The `placements` vector shows the number of its graduates that have been hired by each tier.  The first 5 entries are the numbers hired by tiers 1 through 5.  The last seven entries are graduates that were hired by the following collection of institutions (listed in the same order as they appear in the vector):
```
Public Sector
 Private Sector
 Postdocs
 Lecturers
 Unmatched
 Other Groups
 Teaching Universities
```
The `unmatched` tier records graduates who got job at institutions that didn't have id numbers in the econjobmmarket database, or who could not be traced on the internet.  The logic of this is that since the graduates registered on econjobmarket, they were trying for jobs on the international job market, but did not get offers.
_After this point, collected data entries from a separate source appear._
definition gen_ok :: "('u list \<Rightarrow> 'u) \<Rightarrow> 'u set \<Rightarrow> nat \<Rightarrow> nat \<Rightarrow> bool" where
  "gen_ok G K n k \<longleftrightarrow>
     (\<forall>x. enumeration K n x \<longrightarrow>
        (\<forall>t\<ge>1. card (x ` {..<t}) \<ge> k \<longrightarrow> G (map x [0..<t]) \<in> K - x ` {..<t}))"

definition gen_time :: "('u list \<Rightarrow> 'u) \<Rightarrow> (nat \<Rightarrow> 'u set) \<Rightarrow> nat \<Rightarrow> nat \<Rightarrow> enat" where
  "gen_time G L n i =
     (if \<exists>k. gen_ok G (L i) n k then enat (LEAST k. gen_ok G (L i) n k) else \<infinity>)"

definition noisy_generates :: "(nat \<Rightarrow> 'u set) \<Rightarrow> ('u list \<Rightarrow> 'u) \<Rightarrow> bool" where
  "noisy_generates L G \<longleftrightarrow> (\<forall>n i. i \<ge> 1 \<longrightarrow> gen_time G L n i \<noteq> \<infinity>)"

definition generates_with :: "(nat \<Rightarrow> 'u set) \<Rightarrow> ('u list \<Rightarrow> 'u) \<Rightarrow> (nat \<Rightarrow> nat \<Rightarrow> nat) \<Rightarrow> bool" where
  "generates_with L G tm \<longleftrightarrow> (\<forall>n i. i \<ge> 1 \<longrightarrow> gen_ok G (L i) n (tm n i))"

definition pareto_optimal :: "(nat \<Rightarrow> 'u set) \<Rightarrow> (nat \<Rightarrow> nat \<Rightarrow> nat) \<Rightarrow> bool" where
  "pareto_optimal L tm \<longleftrightarrow>
     (\<forall>(G :: 'u list \<Rightarrow> 'u) n i. noisy_generates L G \<and> i \<ge> 1 \<and> gen_time G L n i < enat (tm n i) \<longrightarrow>
        (\<exists>n' j. j \<ge> 1 \<and> (n', j) \<noteq> (n, i) \<and> gen_time G L n' j > enat (tm n' j)))"

(* Diagonal order: (0,1),(1,1),(0,2),(2,1),(1,2),(0,3),...; diag k is the (k+1)-th pair *)
definition diag_list :: "nat \<Rightarrow> (nat \<times> nat) list" where
  "diag_list N = concat (map (\<lambda>n'. map (\<lambda>h. (n' - h, h + 1)) [0..<Suc n']) [0..<N])"

definition diag :: "nat \<Rightarrow> nat \<times> nat" where
  "diag k = diag_list (Suc k) ! k"

(* m_chk for the prefix xs = (L'_1,...,L'_j) of entries (a,b) standing for L_{a,b};
   subcollections D are sets of positions containing the last position j *)
definition mchk :: "(nat \<Rightarrow> 'u set) \<Rightarrow> (nat \<times> nat) list \<Rightarrow> nat" where
  "mchk L xs = Max ({card T | T D. finite T \<and> D \<subseteq> {..<length xs} \<and> length xs - 1 \<in> D \<and>
        (\<forall>k\<in>D. card (T - L (snd (xs ! k))) \<le> fst (xs ! k)) \<and>
        finite (\<Inter>k\<in>D. L (snd (xs ! k)))} \<union> {0})"

(* bubble L ms rys p zs: the new entry p sits right after the entries (rev rys)
   and is followed by zs; ms holds the already computed values m*. *)
fun bubble :: "(nat \<Rightarrow> 'u set) \<Rightarrow> (nat \<times> nat \<Rightarrow> nat) \<Rightarrow> (nat \<times> nat) list \<Rightarrow> nat \<times> nat
                 \<Rightarrow> (nat \<times> nat) list \<Rightarrow> (nat \<times> nat) list \<times> nat" where
  "bubble L ms [] p zs = (p # zs, mchk L [p])"
| "bubble L ms (q # rys) p zs =
     (let c = mchk L (rev (q # rys) @ [p]) in
      if c > ms q then (rev (q # rys) @ p # zs, c)
      else bubble L ms rys p (q # zs))"

(* state after l rounds: (C'_l, m* values computed so far) *)
fun noisy_proc :: "(nat \<Rightarrow> 'u set) \<Rightarrow> nat \<Rightarrow> (nat \<times> nat) list \<times> (nat \<times> nat \<Rightarrow> nat)" where
  "noisy_proc L 0 = ([], (\<lambda>_. 0))"
| "noisy_proc L (Suc l) =
     (let (xs, ms) = noisy_proc L l; p = diag l; (xs', c) = bubble L ms (rev xs) p [] in
      (xs', ms(p := c)))"

definition mstar :: "(nat \<Rightarrow> 'u set) \<Rightarrow> nat \<Rightarrow> nat \<Rightarrow> nat" where
  "mstar L n i = snd (noisy_proc L (Suc (LEAST l. diag l = (n, i)))) (n, i)"

end

theory Submission
  imports Defs
begin

(* The procedure keeps its entries sorted by m*, and every entry bounds by its m* the size of each
   candidate set T whose subcollection D consists of that entry and entries placed before it.
   Hence for every candidate (T, D) some entry of D has m* >= |T|.
   The generator outputs an unseen string lying in every L_j for which at most n' of the strings
   seen lie outside L_j and the time m*_{n'}(L_j) + 1 has been reached; if there were no such
   string, the strings seen would form a candidate T larger than the m* of all these entries.
   Conversely, m*_n(L_i) > 0 is attained by a maximal candidate (T, D) containing L_{n,i} whose
   other entries have smaller m*. An algorithm that beats the time at (n, i) and keeps all other
   times must, after seeing T, output a string in every language of D outside T, which is
   impossible because the intersection of these languages lies in T. *)

lemma sorted_wrt_le_last:
  fixes f :: "'a \<Rightarrow> 'b :: preorder"
  shows "sorted_wrt (\<lambda>a b. f a \<le> f b) xs \<Longrightarrow> x \<in> set xs \<Longrightarrow> f x \<le> f (last xs)"
  by (induction xs) (auto simp: last_in_set)

lemma append_Cons_eq_append_Cons_cases:
  assumes "ys @ y # zs = A @ e # B"
  obtains (left) us where "A = ys @ y # us" "zs = us @ e # B"
    | (middle) "ys = A" "y = e" "zs = B"
    | (right) us where "ys = A @ e # us" "B = us @ y # zs"
  using assms by (auto simp: append_eq_append_conv2 Cons_eq_append_conv append_eq_Cons_conv)

section \<open>The diagonal order\<close>

lemma diag_list_Suc: "diag_list (Suc N) = diag_list N @ map (\<lambda>h. (N - h, h + 1)) [0..<Suc N]"
  by (simp add: diag_list_def)

lemma length_diag_list_ge: "N \<le> length (diag_list N)"
  by (induction N) (auto simp: diag_list_Suc)

lemma diag_list_extend: "N \<le> M \<Longrightarrow> \<exists>ys. diag_list M = diag_list N @ ys"
  by (induction M rule: dec_induct) (auto simp: diag_list_Suc)

lemma set_diag_list: "set (diag_list N) = {(a, b). 1 \<le> b \<and> a + b \<le> N}"
proof (induction N)
  case (Suc N)
  have "set (map (\<lambda>h. (N - h, h + 1)) [0..<Suc N]) = {(a, b). 1 \<le> b \<and> a + b = Suc N}"
  proof (intro equalityI subsetI)
    fix p
    assume "p \<in> {(a, b). 1 \<le> b \<and> a + b = Suc N}"
    then show "p \<in> set (map (\<lambda>h. (N - h, h + 1)) [0..<Suc N])"
      by (auto intro!: image_eqI[where x = "snd p - 1"])
  qed auto
  then show ?case
    using Suc by (auto simp: diag_list_Suc)
qed (simp add: diag_list_def)

lemma distinct_diag_list: "distinct (diag_list N)"
proof (induction N)
  case (Suc N)
  have "inj_on (\<lambda>h. (N - h, h + 1)) A" for A
    by (auto simp: inj_on_def)
  then show ?case
    using Suc by (auto simp: diag_list_Suc distinct_map set_diag_list)
qed (simp add: diag_list_def)

lemma diag_eq_nth: "k < length (diag_list N) \<Longrightarrow> diag k = diag_list N ! k"
proof -
  assume k: "k < length (diag_list N)"
  have "k < length (diag_list (Suc k))"
    using length_diag_list_ge[of "Suc k"] by simp
  moreover obtain ys zs where "diag_list (max N (Suc k)) = diag_list N @ ys"
    "diag_list (max N (Suc k)) = diag_list (Suc k) @ zs"
    using diag_list_extend by (metis max.cobounded1 max.cobounded2)
  ultimately show ?thesis
    using k by (metis diag_def nth_append_left)
qed

lemma inj_diag: "inj diag"
proof (rule injI)
  fix a b
  assume "diag a = diag b"
  moreover have "a < length (diag_list (Suc (max a b)))" "b < length (diag_list (Suc (max a b)))"
    using length_diag_list_ge[of "Suc (max a b)"] by auto
  ultimately show "a = b"
    using diag_eq_nth distinct_diag_list nth_eq_iff_index_eq by metis
qed

lemma range_diag: "range diag = {p. 1 \<le> snd p}"
proof (intro equalityI subsetI)
  fix p
  assume "p \<in> range diag"
  then obtain l where "p = diag l" ..
  moreover have "l < length (diag_list (Suc l))"
    using length_diag_list_ge[of "Suc l"] by simp
  ultimately have "p \<in> set (diag_list (Suc l))"
    by (simp add: diag_eq_nth)
  then show "p \<in> {p. 1 \<le> snd p}"
    by (auto simp: set_diag_list)
next
  fix p :: "nat \<times> nat"
  assume "p \<in> {p. 1 \<le> snd p}"
  then have "p \<in> set (diag_list (fst p + snd p))"
    by (auto simp: set_diag_list)
  then show "p \<in> range diag"
    by (metis diag_eq_nth in_set_conv_nth rangeI)
qed

section \<open>Candidates of step (A)\<close>

definition mchk_witness :: "(nat \<Rightarrow> 'u set) \<Rightarrow> 'u set \<Rightarrow> (nat \<times> nat) set \<Rightarrow> bool" where
  "mchk_witness L T D \<longleftrightarrow>
     finite T \<and> (\<forall>p\<in>D. card (T - L (snd p)) \<le> fst p) \<and> finite (\<Inter>p\<in>D. L (snd p))"

abbreviation witness_cards :: "(nat \<Rightarrow> 'u set) \<Rightarrow> (nat \<times> nat) set \<Rightarrow> nat \<times> nat \<Rightarrow> nat set" where
  "witness_cards L S p \<equiv> {card T | T D. D \<subseteq> S \<and> p \<in> D \<and> mchk_witness L T D}"

definition mchk_on :: "(nat \<Rightarrow> 'u set) \<Rightarrow> (nat \<times> nat) set \<Rightarrow> nat \<times> nat \<Rightarrow> nat" where
  "mchk_on L S p = Max (witness_cards L S p \<union> {0})"

lemma card_mchk_witness_le:
  assumes "mchk_witness L T D" "finite D"
  shows "card T \<le> card (\<Inter>p\<in>D. L (snd p)) + (\<Sum>p\<in>D. fst p)"
proof -
  have fin: "finite T" "finite (\<Inter>p\<in>D. L (snd p))"
    using assms(1) by (auto simp: mchk_witness_def)
  have "card T \<le> card ((\<Inter>p\<in>D. L (snd p)) \<union> (\<Union>p\<in>D. T - L (snd p)))"
    using fin assms(2) by (intro card_mono) auto
  also have "\<dots> \<le> card (\<Inter>p\<in>D. L (snd p)) + card (\<Union>p\<in>D. T - L (snd p))"
    by (rule card_Un_le)
  also have "card (\<Union>p\<in>D. T - L (snd p)) \<le> (\<Sum>p\<in>D. card (T - L (snd p)))"
    using assms(2) by (rule card_UN_le)
  also have "\<dots> \<le> (\<Sum>p\<in>D. fst p)"
    using assms(1) by (intro sum_mono) (auto simp: mchk_witness_def)
  finally show ?thesis by simp
qed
The `ratios` property computes the likelihood of the insitutions hires and placements evaluated using the estimated rates of each different tier, each divided by the likelihood measured by the estimamted placement rates for the tier to which they are assigned.  The `hiring_ratios` and `placement_ratios` do the same thing for their hires and placements independently.

The `euclidean` measure is the euclidean distance between the university's hires and placements, and the average hires and placements of each of the tiers.  Generally that distance should be lowest for the tier into which they were assigned by the classification algorithm. 

Finally the `offer_value` and `hiring_value` properties are estimated using the logic in the appears in the paper [The Mapinator Classification](https://montoya.econ.ubc.ca/papers/markets/markets.pdf).  We estimated the values of the graduates of each tier using a directed search model.  The `hiring_value` parameter is just the total value of all the graduates the university hired.  The `offer_value` is similar.  It estimates the mean value of the offers made by each of 11 hiring tiers times the universities own placement vector.  This is a measure of the total value of the graduates that the university produced.

### Update and Save the Data

The final utility [mike_fine_grained](mike_fine_grained.ipynb) calculate quantiles for the hiring and placement values in the likelihood ratios file.  That has to be done separately because all the values have to be calculated before the quantiles are computed. 

The `likelihood_ratios.json` file is rewritten to add these quantile values.  The new file overwrites the old on.  It also saves the the results to a mysql database.

The notebook also produces figures that show the distributions of hiring and placement values for each tier.